Reflections on the new Thailand-Singapore Double Tax Treaty

Reflections on the new Thailand-Singapore Double Tax Treaty

Thai companies are increasingly looking to capitalise on opportunities, and one of these is to invest abroad, a trend that will no doubt accelerate now that the Asian Economic Community (AEC) is in place.

For commercial and regulatory reasons, most aspiring Thai multinationals prefer to invest via an intermediate jurisdiction even though such a structure may increase administrative costs in the short run. This preference is driven as much by the perceived shortcomings of the Thai taxation of ventures abroad as the commercial and regulatory advantages in foreign jurisdictions such as Hong Kong and Singapore. A good offshore structure could also promote increased control over regulatory compliance and lower costs.

It comes as no surprise that Singapore is often the jurisdiction of choice for Thai multinationals venturing abroad as well as inbound foreign investment to Thailand due to its proximity and ease of doing business. Singapore's tax regulations contribute significantly to its attractiveness. Among these are tax incentives for various sectors such as trading or shipping, a tax regime that exempts capital gains from tax and, importantly, imposes no taxes on the earning and repatriation of dividends. Singapore's tax treaties are also in many cases more advantageous than those signed by Thailand.

The new Thailand-Singapore Double Tax Treaty, once ratified, will replace the treaty in place since 1975. It contains a number of changes that could adversely affect some structures set up to use the benefits of the current one.

Equipment leases: Equipment lease payments will be subject to Thai withholding tax. Under the current treaty, lease rentals (for "dry leases") paid from Thailand to a lessor in Singapore are not subject to Thai withholding tax.

Many international offshore drilling companies providing services to petroleum exploration and production firms in Thailand use a Singaporean affiliate to provide bareboat charters. Rental payments from Thailand are not subject to Thai withholding tax and, if the lessor qualifies, may not be taxed in Singapore.

This benefit will no longer be available under the new treaty as the definition of "royalty" will be changed to include "the right to use industrial/commercial/scientific equipment". Such royalties will be subject to 8% Thai withholding tax.

Land-rich companies: The current treaty grants favourable capital gains treatment to Singaporean companies. Gains from divestment of assets (other than immovable assets) in Thailand are exempt from Thai tax. (The gains could also be exempt in Singapore if certain conditions are met.)

Due to regulatory constraints, foreigners often take a minority equity stake in ventures requiring significant investment in real estate in Thailand. When the foreign investor exits, it is generally by way of a sale of shares. This has a lower tax cost as it is not subject to any taxes imposed on the sale of immovable property such as the land transfer fee and specific business tax.

An additional advantage to a Singaporean shareholder is the gains from the sale of shares on exit are treated on a par with any other sale of shares and not subject to Thai tax.

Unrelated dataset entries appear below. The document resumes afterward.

(* For every predicate $P:\{0,1\}^K\to\{0,1\}$ and $x\in\{0,1\}^N$, there is a DNF formula $\psi_x$ over $\{0,1\}^{N\cdot K}$ with at most $2^K$ terms such that $P_x(z^S)=\psi_x(z^S)$ for every hyperedge $S$. Moreover, for any hyperedge $S$, at most one term of $\psi_x$ is satisfied by $z^S$. Furthermore, there exists a CNF formula $\phi_x$ over $\{0,1\}^{N\cdot K}$ with at most $2^K$ clauses such that $\phi_x(z^S)=\psi_x(z^S)$ for every hyperedge $S$.
   Context: A hyperedge is an ordered tuple $S=(i_1,\dots,i_K)$ of $K$ distinct elements of $[N]$; $x_S=(x_{i_1},\dots,x_{i_K})$. Its encoding $z^S\in\{0,1\}^{N\cdot K}$ is the concatenation of $K$ vectors in $\{0,1\}^N$, where the $j$-th vector has $0$ in component $i_j$ and $1$ elsewhere. For $z\in\{0,1\}^{N\cdot K}$, $z_{j,l}=z_{(j-1)N+l}$. $P_x:\{0,1\}^{N\cdot K}\to\{0,1\}$ is any function satisfying $P_x(z^S)=P(x_S)$ for every hyperedge $S$. *)

theory Defs
  imports Main
begin

(* Bit vectors in {0,1}^n are bool lists of length n (True = 1), indexed from 0.
   A literal is a pair (i, b): it is satisfied by z iff z ! i = b
   (b = True: positive literal z_i; b = False: negated literal ~z_i). *)
type_synonym literal = "nat \<times> bool"

definition lit_sat :: "literal \<Rightarrow> bool list \<Rightarrow> bool" where
  "lit_sat l z = (z ! fst l = snd l)"

definition term_sat :: "literal list \<Rightarrow> bool list \<Rightarrow> bool" where
  "term_sat t z = (\<forall>l\<in>set t. lit_sat l z)"

definition clause_sat :: "literal list \<Rightarrow> bool list \<Rightarrow> bool" where
  "clause_sat c z = (\<exists>l\<in>set c. lit_sat l z)"

definition eval_dnf :: "literal list list \<Rightarrow> bool list \<Rightarrow> bool" where
  "eval_dnf \<psi> z = (\<exists>t\<in>set \<psi>. term_sat t z)"

definition eval_cnf :: "literal list list \<Rightarrow> bool list \<Rightarrow> bool" where
  "eval_cnf \<phi> z = (\<forall>c\<in>set \<phi>. clause_sat c z)"

definition formula_over :: "nat \<Rightarrow> literal list list \<Rightarrow> bool" where
  "formula_over M F = (\<forall>t\<in>set F. \<forall>l\<in>set t. fst l < M)"

definition num_sat_terms :: "literal list list \<Rightarrow> bool list \<Rightarrow> nat" where
  "num_sat_terms \<psi> z = length (filter (\<lambda>t. term_sat t z) \<psi>)"

definition hyperedge :: "nat \<Rightarrow> nat \<Rightarrow> nat list \<Rightarrow> bool" where
  "hyperedge N K S = (length S = K \<and> distinct S \<and> set S \<subseteq> {..<N})"

(* Encoding z^S in {0,1}^(N*K): j-th block has 0 at position S!j, 1 elsewhere;
   so (encode N S) ! (j*N + l) = (l \<noteq> S ! j). *)
definition encode :: "nat \<Rightarrow> nat list \<Rightarrow> bool list" where
  "encode N S = concat (map (\<lambda>i. map (\<lambda>l. l \<noteq> i) [0..<N]) S)"

definition restrict_to :: "bool list \<Rightarrow> nat list \<Rightarrow> bool list" where
  "restrict_to x S = map (\<lambda>i. x ! i) S"

end

theory Submission
  imports Defs
begin

(* For a pattern b in {0,1}^K, the term "z_{j,l} for all j < K and l < N with x_l \<noteq> b_j"
   holds at z^S iff the unique zero of each block j, at position S_j, avoids the positions
   where x disagrees with b_j, i.e. iff x_S = b.  Such a term singles out one pattern, so the
   disjunction of these terms over P^-1(1) computes P(x_S) with at most one term satisfied,
   and the conjunction of their negations (clauses, by De Morgan) over P^-1(0) computes it too. *)

lemma encode_Cons: "encode N (i # S) = map (\<lambda>l. l \<noteq> i) [0..<N] @ encode N S"
  by (simp add: encode_def)

lemma encode_nth:
  assumes "j < length S" and "l < N"
  shows "encode N S ! (j * N + l) = (l \<noteq> S ! j)"
  using assms
proof (induction S arbitrary: j)
  case (Cons i S)
  then show ?case
    by (cases j) (simp_all add: encode_Cons nth_append)
qed simp

lemma block_index_less:
  fixes j l N K :: nat
  assumes "j < K" and "l < N"
  shows "j * N + l < N * K"
proof -
  have "j * N + l < Suc j * N" using assms(2) by simp
  also have "\<dots> \<le> K * N" using assms(1) by (intro mult_le_mono1) simp
  finally show ?thesis by (simp add: mult.commute)
qed

lemma set_n_lists_bool: "set (List.n_lists K [True, False]) = {b. length b = K}"
  by (auto simp: set_n_lists)

lemma eval_dnf_map_singling_out:
  assumes "\<And>b. b \<in> set B \<Longrightarrow> term_sat (T b) z \<longleftrightarrow> b = a"
  shows "eval_dnf (map T B) z \<longleftrightarrow> a \<in> set B"
  using assms by (auto simp: eval_dnf_def)

lemma num_sat_terms_map_singling_out:
  assumes "distinct B" and "\<And>b. b \<in> set B \<Longrightarrow> term_sat (T b) z \<longleftrightarrow> b = a"
  shows "num_sat_terms (map T B) z \<le> 1"
proof -
  have "filter (\<lambda>t. term_sat t z) (map T B) = map T (filter (\<lambda>b. b = a) B)"
    using assms(2) by (simp add: filter_map comp_def cong: filter_cong)
  moreover have "length (filter (\<lambda>b. b = a) B) \<le> 1"
    using assms(1) by (simp add: distinct_length_filter card_le_Suc0_iff_eq)
  ultimately show ?thesis by (simp add: num_sat_terms_def)
qed

definition dual_clause :: "literal list \<Rightarrow> literal list" where
  "dual_clause t = map (apsnd Not) t"

lemma clause_sat_dual_clause: "clause_sat (dual_clause t) z \<longleftrightarrow> \<not> term_sat t z"
  by (auto simp: dual_clause_def clause_sat_def term_sat_def lit_sat_def)

lemma fst_set_dual_clause: "fst ` set (dual_clause t) = fst ` set t"
  by (force simp: dual_clause_def)

lemma eval_cnf_map_dual_singling_out:
  assumes "\<And>b. b \<in> set B \<Longrightarrow> term_sat (T b) z \<longleftrightarrow> b = a"
  shows "eval_cnf (map (dual_clause \<circ> T) B) z \<longleftrightarrow> a \<notin> set B"
  using assms by (auto simp: eval_cnf_def clause_sat_dual_clause)

definition pattern_term :: "nat \<Rightarrow> bool list \<Rightarrow> bool list \<Rightarrow> literal list" where
  "pattern_term N x b = [(j * N + l, True). j \<leftarrow> [0..<length b], l \<leftarrow> [0..<N], x ! l \<noteq> b ! j]"

lemma set_pattern_term:
  "set (pattern_term N x b) = {(j * N + l, True) | j l. j < length b \<and> l < N \<and> x ! l \<noteq> b ! j}"
  by (auto simp: pattern_term_def; blast)

lemma pattern_term_var_less: "i \<in> fst ` set (pattern_term N x b) \<Longrightarrow> i < N * length b"
  by (auto simp: set_pattern_term intro: block_index_less)

lemma term_sat_pattern_term_encode:
  assumes "hyperedge N K S" and "length b = K"
  shows "term_sat (pattern_term N x b) (encode N S) \<longleftrightarrow> b = restrict_to x S"
proof -
  have len_S: "length S = K" and S_less: "\<And>j. j < K \<Longrightarrow> S ! j < N"
    using assms(1) nth_mem unfolding hyperedge_def by fastforce+
  have "term_sat (pattern_term N x b) (encode N S) \<longleftrightarrow>
        (\<forall>j<K. \<forall>l<N. x ! l \<noteq> b ! j \<longrightarrow> encode N S ! (j * N + l))"
    using assms(2) by (auto simp: term_sat_def lit_sat_def set_pattern_term)
  also have "\<dots> \<longleftrightarrow> (\<forall>j<K. \<forall>l<N. x ! l \<noteq> b ! j \<longrightarrow> l \<noteq> S ! j)"
    using len_S by (simp add: encode_nth)
  also have "\<dots> \<longleftrightarrow> (\<forall>j<K. x ! (S ! j) = b ! j)"
    using S_less by blast
  also have "\<dots> \<longleftrightarrow> b = restrict_to x S"
    using assms(2) len_S by (auto simp: restrict_to_def list_eq_iff_nth_eq)
  finally show ?thesis .
qed

definition pattern_dnf :: "nat \<Rightarrow> nat \<Rightarrow> bool list \<Rightarrow> (bool list \<Rightarrow> bool) \<Rightarrow> literal list list" where
  "pattern_dnf N K x P = map (pattern_term N x) (filter P (List.n_lists K [True, False]))"

definition pattern_cnf :: "nat \<Rightarrow> nat \<Rightarrow> bool list \<Rightarrow> (bool list \<Rightarrow> bool) \<Rightarrow> literal list list" where
  "pattern_cnf N K x P =
     map (dual_clause \<circ> pattern_term N x) (filter (Not \<circ> P) (List.n_lists K [True, False]))"

lemma length_restrict_to_hyperedge: "hyperedge N K S \<Longrightarrow> length (restrict_to x S) = K"
  by (simp add: hyperedge_def restrict_to_def)

lemma term_sat_pattern_term_encode_filter:
  assumes "hyperedge N K S" and "b \<in> set (filter Q (List.n_lists K [True, False]))"
  shows "term_sat (pattern_term N x b) (encode N S) \<longleftrightarrow> b = restrict_to x S"
  using assms by (intro term_sat_pattern_term_encode) (auto simp: set_n_lists_bool)

lemma formula_over_pattern_dnf: "formula_over (N * K) (pattern_dnf N K x P)"
  using pattern_term_var_less
  by (fastforce simp: formula_over_def pattern_dnf_def set_n_lists_bool)

lemma formula_over_pattern_cnf: "formula_over (N * K) (pattern_cnf N K x P)"
  using pattern_term_var_less fst_set_dual_clause
  by (fastforce simp: formula_over_def pattern_cnf_def set_n_lists_bool)

lemma length_pattern_dnf: "length (pattern_dnf N K x P) \<le> 2 ^ K"
  using length_filter_le[of P "List.n_lists K [True, False]"]
  by (simp add: pattern_dnf_def length_n_lists numeral_2_eq_2)

lemma length_pattern_cnf: "length (pattern_cnf N K x P) \<le> 2 ^ K"
  using length_filter_le[of "Not \<circ> P" "List.n_lists K [True, False]"]
  by (simp add: pattern_cnf_def length_n_lists numeral_2_eq_2)

lemma eval_dnf_pattern_dnf_encode:
  assumes "hyperedge N K S"
  shows "eval_dnf (pattern_dnf N K x P) (encode N S) \<longleftrightarrow> P (restrict_to x S)"
  unfolding pattern_dnf_def
  using assms length_restrict_to_hyperedge[OF assms]
  by (subst eval_dnf_map_singling_out[OF term_sat_pattern_term_encode_filter])
     (auto simp: set_n_lists_bool)

lemma eval_cnf_pattern_cnf_encode:
  assumes "hyperedge N K S"
  shows "eval_cnf (pattern_cnf N K x P) (encode N S) \<longleftrightarrow> P (restrict_to x S)"
  unfolding pattern_cnf_def
  using assms length_restrict_to_hyperedge[OF assms]
  by (subst eval_cnf_map_dual_singling_out[OF term_sat_pattern_term_encode_filter])
     (auto simp: set_n_lists_bool)

lemma num_sat_terms_pattern_dnf_encode:
  assumes "hyperedge N K S"
  shows "num_sat_terms (pattern_dnf N K x P) (encode N S) \<le> 1"
  unfolding pattern_dnf_def
  using assms
  by (intro num_sat_terms_map_singling_out[where a = "restrict_to x S"]
        term_sat_pattern_term_encode_filter)
     (auto simp: distinct_n_lists)

theorem lemma8p4:
  fixes N K :: nat and P :: "bool list \<Rightarrow> bool" and x :: "bool list"
  assumes "length x = N"
  shows "\<exists>\<psi>. formula_over (N * K) \<psi> \<and> length \<psi> \<le> 2 ^ K
      \<and> (\<forall>Px :: bool list \<Rightarrow> bool.
            (\<forall>S. hyperedge N K S \<longrightarrow> Px (encode N S) = P (restrict_to x S)) \<longrightarrow>
            (\<forall>S. hyperedge N K S \<longrightarrow> Px (encode N S) = eval_dnf \<psi> (encode N S)))
      \<and> (\<forall>S. hyperedge N K S \<longrightarrow> num_sat_terms \<psi> (encode N S) \<le> 1)
      \<and> (\<exists>\<phi>. formula_over (N * K) \<phi> \<and> length \<phi> \<le> 2 ^ K
            \<and> (\<forall>S. hyperedge N K S \<longrightarrow> eval_cnf \<phi> (encode N S) = eval_dnf \<psi> (encode N S)))"
proof (intro exI conjI allI impI)
  let ?\<psi> = "pattern_dnf N K x P" and ?\<phi> = "pattern_cnf N K x P"
  show "formula_over (N * K) ?\<psi>" "length ?\<psi> \<le> 2 ^ K"
    "formula_over (N * K) ?\<phi>" "length ?\<phi> \<le> 2 ^ K"
    by (rule formula_over_pattern_dnf length_pattern_dnf
        formula_over_pattern_cnf length_pattern_cnf)+
  fix S assume S: "hyperedge N K S"
  show "num_sat_terms ?\<psi> (encode N S) \<le> 1"
    using S by (rule num_sat_terms_pattern_dnf_encode)
  show "eval_cnf ?\<phi> (encode N S) = eval_dnf ?\<psi> (encode N S)"
    using S by (simp add: eval_cnf_pattern_cnf_encode eval_dnf_pattern_dnf_encode)
next
  fix Px :: "bool list \<Rightarrow> bool" and S
  assume "\<forall>S. hyperedge N K S \<longrightarrow> Px (encode N S) = P (restrict_to x S)" and "hyperedge N K S"
  then show "Px (encode N S) = eval_dnf (pattern_dnf N K x P) (encode N S)"
    by (simp add: eval_dnf_pattern_dnf_encode)
qed

end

Under the new treaty, however, that advantage will be lost. Taxing rights will be granted to Thailand on gains derived by a Singaporean resident shareholder on a sale of shares of a "land-rich" Thai company. The condition is the shares must be in a non-listed Thai company deriving at least 75% of its value directly or indirectly from immovable properties in Thailand. There is a similar provision in the Thai- Hong Kong treaty, but the threshold is lower at 50%.

Foreign investments held via Singapore in sectors such as hotels, hospitals and hypermarkets in Thailand may be affected as well as investments in real estate development. However, we are still awaiting guidance as to how the 75% threshold will be calculated and whether book value or market value will be considered.

Not all bad news: The new treaty does have some good news. The time test for the provision of services to constitute a permanent establishment will be 183 days in any 12-month period, lifting the reliance on an old Revenue Department ruling that unilaterally granted this benefit. Thai companies providing services in Singapore will also benefit.

There is also a 12-month time test for "construction, assembly or installation" services provided by Thai companies in Singapore (or vice versa). This is longer than under any other tax treaty Thailand has signed.

There has been some discussion on the absence of a "limitation of relief" clause in the new treaty, and the consequent potential for "treaty shopping". However, in practice the clause in the old treaty presented no obstacle to the use of the treaty, and the authors are aware of no cases in which it was invoked.